La renegociación del NAFTA (por sus siglas en inglés o el TLC en español) ha estado presente desde hace casi un año cuando el ahora inquilino de la Casa Blanca lo volvió tema de su precampaña y luego de su campaña por la presidencia de Estados Unidos. El tema terminó convertido en ultimátum y amenaza de abandonar el tratado por -según él–, perjudicar gravemente los intereses norteamericanos y perdiendo la perspectiva de las ganancias obtenidas por sectores, como el automotriz de su país.

El caso y lo que importa es que no pudo, porque no podía hacerlo fast track, o sea de manera rápida y ha tenido que respetar los términos y plazos acordados en el propio instrumento internacional trilateral y además pasando obligatoriamente por su congreso.

Por otra parte, los funcionarios involucrados de los tres países, en tanto profesionales del servicio público que entienden de quÉ se trata y los sectores productivos han mantenido en vía paralela su propio diálogo e intercambio de puntos de vista. Es cierto también que algunas empresas automotrices cedieron a las presiones trumpianas y ha retirado sus inversiones previstas en nuestro país.

Como es cierto también, que en la coyuntura habrá que aprovecharla para modernizar el tratado incorporando nuevos temas, otorgando matices a otros ya previstos, solo que debe ser en una negociación seria, responsable, respetuosa, sin permitir arrogancia ni soberbia alguna. Es necesario construir consensos y equilibrios entre las tres partes.

En nuestro caso pasada la reacción inicial, las aguas se han serenado y quedo claro para todos que el jefe negociador y principal interlocutor será el secretario de Economía. Como también se ha perfilado la importancia vital que tiene y tendrá en las negociaciones el sector agroalimentario. Por lo pronto, los productores estadounidenses han presionado fuertemente a sus congresistas y al propio Trump.

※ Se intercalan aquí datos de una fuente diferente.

lemma bezout_normalized_ex1:
  fixes m k :: int
  assumes k: "0 < k" and cop: "coprime m k"
  shows "\<exists>!p. case p of (a, b) \<Rightarrow> a * m + b * k = 1 \<and> 0 \<le> a \<and> a < k"
proof -
  obtain u v where uv: "u * m + v * k = 1"
    using bezout_int[of m k] cop by auto
  define a where "a = u mod k"
  define b where "b = v + (u div k) * m"
  have ab: "a * m + b * k = 1"
  proof -
    have "r * m + (v + q * m) * k = (q * k + r) * m + v * k" for q r
      by (simp add: algebra_simps)
    from this[of "u mod k" "u div k"] show ?thesis
      unfolding a_def b_def using uv by simp
  qed
  have a_range: "0 \<le> a" "a < k" using k by (auto simp: a_def)
  show ?thesis
  proof (rule ex1I[of _ "(a, b)"])
    fix p assume "case p of (a, b) \<Rightarrow> a * m + b * k = 1 \<and> 0 \<le> a \<and> a < k"
    then obtain a' b' where p: "p = (a', b')" and a'b': "a' * m + b' * k = 1" "0 \<le> a'" "a' < k"
      by (cases p) auto
    have "(a - a') * m = (b' - b) * k" using ab a'b'(1) by (simp add: algebra_simps)
    hence "k dvd (a - a') * m" by (metis dvd_triv_right)
    hence "k dvd a - a'" using cop by (simp add: coprime_commute coprime_dvd_mult_left_iff)
    moreover have "\<bar>a - a'\<bar> < k" using a'b' a_range by auto
    ultimately have "a = a'"
      using dvd_imp_le_int[of "a - a'" k] by fastforce
    moreover from this have "b * k = b' * k" using ab a'b'(1) by (metis add_left_cancel)
    hence "b = b'" using k by simp
    ultimately show "p = (a, b)" using p by simp
  qed (use ab a_range in simp)
qed

lemma bezout_gcd_normalized_ex1:
  fixes h E e :: int
  assumes e: "0 < e" and "0 < E" and cop: "coprime h e"
  shows "\<exists>!p. case p of (a, b) \<Rightarrow> a * h * E + b * e = gcd e E \<and> 0 \<le> a \<and> a < e div gcd e E"
proof -
  define d where "d = gcd e E"
  have gcd_hE_e: "gcd (h * E) e = d"
    using gcd_mult_left_left_cancel[of e h E] cop by (simp add: d_def gcd.commute coprime_commute)
  have d: "0 < d" using e by (simp add: d_def)
  obtain k where ek: "e = d * k" unfolding d_def by (meson gcd_dvd1 dvdE)
  obtain m where hEm: "h * E = d * m" using gcd_hE_e by (metis gcd_dvd1 dvdE)
  have k: "0 < k" using ek e d by (simp add: zero_less_mult_iff)
  have "coprime ((h * E) div gcd (h * E) e) (e div gcd (h * E) e)"
    by (rule div_gcd_coprime) (use e in auto)
  hence cop_mk: "coprime m k" using gcd_hE_e hEm ek d by simp
  have bezout_iff: "a * h * E + b * e = d \<longleftrightarrow> a * m + b * k = 1" for a b
  proof -
    have "a * h * E + b * e = d * (a * m + b * k)" using ek hEm by (simp add: algebra_simps)
    thus ?thesis using d by auto
  qed
  have "e div d = k" using ek d by simp
  hence "(case p of (a, b) \<Rightarrow> a * h * E + b * e = gcd e E \<and> 0 \<le> a \<and> a < e div gcd e E)
      \<longleftrightarrow> (case p of (a, b) \<Rightarrow> a * m + b * k = 1 \<and> 0 \<le> a \<and> a < k)" for p
    using bezout_iff by (cases p) (simp add: d_def)
  thus ?thesis using bezout_normalized_ex1[OF k cop_mk] by simp
qed

text \<open>Throughout, \<open>x\<close> stands for the coordinate vector of \<open>\<gamma>\<^sub>i\<close> in the basis \<open>\<iota>\<^sub>i\<^sub>,\<^sub>.\<close>.\<close>

lemma ee_pos: "0 < ee x j"
  by (simp add: ee_def eden_def quotient_of_denom_pos')

lemma hh_ee_coprime: "coprime (hh x j) (ee x j)"
  by (simp add: hh_def ee_def hnum_def eden_def quotient_of_coprime)

lemma coord_eq_hh_div_ee: "x j = of_int (hh x j) / of_int (ee x j)"
  by (simp add: hh_def ee_def hnum_def eden_def quotient_of_div)

lemma ep_1 [simp]: "ep x (Suc 0) = 1"
  by (simp add: ep_def)

lemma dd_eq_gcd: "1 \<le> j \<Longrightarrow> dd x j = gcd (ee x j) (ep x j)"
  by (cases j) (auto simp: dd_def dfac_def ep_def)

lemma ep_Suc: "1 \<le> j \<Longrightarrow> ep x (Suc j) = ep x j * ee x j div dd x j"
  by (cases j; cases "j - 1") (auto simp: ep_def dd_def dfac_def)

lemma dd_pos: "1 \<le> j \<Longrightarrow> 0 < dd x j"
  using ee_pos[of x j] by (simp add: dd_eq_gcd)

lemma dd_dvd_ee: "1 \<le> j \<Longrightarrow> dd x j dvd ee x j"
  by (simp add: dd_eq_gcd)

lemma dd_dvd_ep: "1 \<le> j \<Longrightarrow> dd x j dvd ep x j"
  by (simp add: dd_eq_gcd)

lemma ep_Suc_mult_dd: "1 \<le> j \<Longrightarrow> ep x (Suc j) * dd x j = ep x j * ee x j"
  by (simp add: ep_Suc dd_dvd_ee dvd_mult)

lemma ep_pos: "1 \<le> j \<Longrightarrow> 0 < ep x j"
proof (induction j rule: dec_induct)
  case (step m)
  have "0 < ee x m div dd x m"
    using step(1) dd_dvd_ee dd_pos ee_pos by (simp add: pos_imp_zdiv_pos_iff zdvd_imp_le)
  moreover have "ep x (Suc m) = ep x m * (ee x m div dd x m)"
    using step(1) by (simp add: ep_Suc dd_dvd_ee div_mult_swap)
  ultimately show ?case using step by simp
qed simp

lemma ep_Suc_eq_lcm: "1 \<le> j \<Longrightarrow> ep x (Suc j) = lcm (ep x j) (ee x j)"
  using ep_pos[of "Suc j" x]
  by (simp add: lcm_gcd ep_Suc dd_eq_gcd gcd.commute)

lemma ep_dvd_iff: "1 \<le> j \<Longrightarrow> ep x j dvd K \<longleftrightarrow> (\<forall>l\<in>{1..<j}. ee x l dvd K)"
proof (induction j rule: dec_induct)
  case (step m)
  have "{1..<Suc m} = insert m {1..<m}" using step(1) by auto
  thus ?case using step by (simp add: ep_Suc_eq_lcm conj_commute)
qed simp

lemma ee_dvd_ep: "1 \<le> l \<Longrightarrow> l < j \<Longrightarrow> ee x l dvd ep x j"
  using ep_dvd_iff[of j x "ep x j"] by simp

En esa lógica se inscribe la reciente visita del secretario de Sagarpa, José Calzada Rovirosa, por invitación del nuevo secretario de Agricultura estadounidense Sonny Perdue. Por lo pronto, se trata de sostener el ritmo, mantener la inercia de los flujos comerciales del sector, que alcanzó un superávit de casi 30 mmdd el último año, dado que las negociaciones pudieran prolongarse y por otra parte, fijar temas y sus alcances para su revisión en las
negociaciones.

En la reunión celebrada en Georgia en casa del nuevo titular del USDA, asistió también el secretario de agricultura de Canadá y los tres coincidieron en reiterar el compromiso trilateral de los tres países de mantener los mercados abiertos y trasparentes, coincidieron en que el TLC ha sido benéfico para los productores agrícolas y pecuarios, así como, para los consumidores, además de que es generador de empleos y propicia disponibilidad de alimentos inocuos y económicos durante todos los meses del año.

Por todas estas señales, es posible esperar que el sector agroalimentario de los tres países genere un acuerdo equitativo y una exitosa y rápida negociación del capítulo correspondiente del Tratado de Libre comercio de América del Norte.

**“No hay premio sin esfuerzo”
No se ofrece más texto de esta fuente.